When you saw him, he brought a friend along and he presented a defense of sorts. Was it your sense that he thought he was innocent of the allegations? Or was he just trying to save face?
He presented a case that he was innocent. God knows what he thought, I don't know. I think what he said to me, the way that he defended himself, which was to show me a picture of his niece, who had claimed that he molested her, and he's showing me a picture of her at his house, after the time that she said he molested her, and there she is, apparently having a good time at his house. Therefore, it proves — Conlin says — that the molestation is B.S. Well that's laughable on the face of it as a defense. So take from that what you will. I'll take it on face value that Bill Conlin was claiming he was innocent, so he believed he was innocent. But his defense was transparently pathetic
Did you ever get a sense of what his underlying demons were? We talked about boorishness, but it seems like he'd been hedonistic to the point of self-destruction throughout his adult life. Do you have any sense why that was?

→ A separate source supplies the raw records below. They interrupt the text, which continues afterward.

(* Let real-valued random variables be generated by $$X = qA + E_X,\qquad H = bA + E_H,\qquad Y = cX + dH + E_Y,$$ where $A, E_X, E_H, E_Y$ are mutually independent, $A$ has a density $p_A$, and $q,b,c,d\in\mathbb{R}$ are constants ($H$ is unobserved). Let $E := E_Y + dE_H$, and for constants $\alpha\in\mathbb{R}$ and $\beta\neq 0$ let $\widehat{Y} := \alpha A + \beta X$. Assume $c\neq 0$ and $qc+bd\neq 0$. Assume the densities $p_{E_X}$ and $p_E$ are positive on all of $\mathbb{R}$, and that $f_2:=\log p_{E_X}$ and $f_3:=\log p_E$ are three times differentiable. If at most one of $E_X$ and $E$ is Gaussian, then $\widehat{Y}$ is not conditionally independent of $A$ given $Y$ (for every such choice of $\alpha$ and $\beta\ne 0$).
   Context: Conditional independence of $U$ and $V$ given $W$ is written $U \perp V \mid W$. The statement "$\widehat{Y}\perp A\mid Y$" is the Equalized Odds fairness criterion for the predictor $\widehat{Y}$, the protected feature $A$ and the target $Y$. *)

theory Defs
  imports "HOL-Probability.Probability"
begin

definition gen_sigma :: "'a measure \<Rightarrow> ('a \<Rightarrow> real) \<Rightarrow> 'a measure" where
  "gen_sigma M W = vimage_algebra (space M) W borel"

definition cond_indep :: "'a measure \<Rightarrow> ('a \<Rightarrow> real) \<Rightarrow> ('a \<Rightarrow> real) \<Rightarrow> ('a \<Rightarrow> real) \<Rightarrow> bool" where
  "cond_indep M U V W \<longleftrightarrow>
     (\<forall>S \<in> sets borel. \<forall>T \<in> sets borel.
        AE \<omega> in M.
          real_cond_exp M (gen_sigma M W) (\<lambda>x. indicator S (U x) * indicator T (V x)) \<omega> =
          real_cond_exp M (gen_sigma M W) (\<lambda>x. indicator S (U x)) \<omega> *
          real_cond_exp M (gen_sigma M W) (\<lambda>x. indicator T (V x)) \<omega>)"

definition gaussian_rv :: "'a measure \<Rightarrow> ('a \<Rightarrow> real) \<Rightarrow> bool" where
  "gaussian_rv M Z \<longleftrightarrow>
     (\<exists>\<mu> \<sigma>. \<sigma> > 0 \<and> distributed M lborel Z (\<lambda>x. ennreal (normal_density \<mu> \<sigma> x)))"

definition thrice_differentiable :: "(real \<Rightarrow> real) \<Rightarrow> bool" where
  "thrice_differentiable f \<longleftrightarrow> (\<forall>k < 3. \<forall>x. (deriv ^^ k) f differentiable (at x))"

end

theory Submission
  imports Defs
begin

It's hard to say. I wasn't able or didn't really pursue learning about his backstory, dipping into his childhood and whatnot. So psychologically, what created Bill Conlin to be Bill Conlin? I don't know, but he certainly got in a position where he could live the life he did and kind of go on his merry way living it.
Despite the allegations that beset him at the end of his life, he was much loved in this town as a sportswriter for decades. [He] was given a seat in — its not the Hall of Fame — but an award for sportswriters that appears in the Hall of Fame. As a writer, as somebody who observes these things, do you have any opinion on whether he should still retain that honor or not?
Well, I believe a spokesman for the Hall of Fame has said they're gonna stick with their decision, and the implication — I don't know whether he addressed this — is "Well, we're not really judging character, we're judging the body of work." And I think that's what they've got to do. I think the Hall of Fame for players has got to look at performance on the field, I think these subsidiary Hall of Fame awards, such as the one Conlin got for writing, has got to look at the body of work, the writing. I think it's a really kind of strange spot the Hall puts itself in if it's worrying about character and who these guys were apart from the work that gets them in or not, into the Hall of Fame.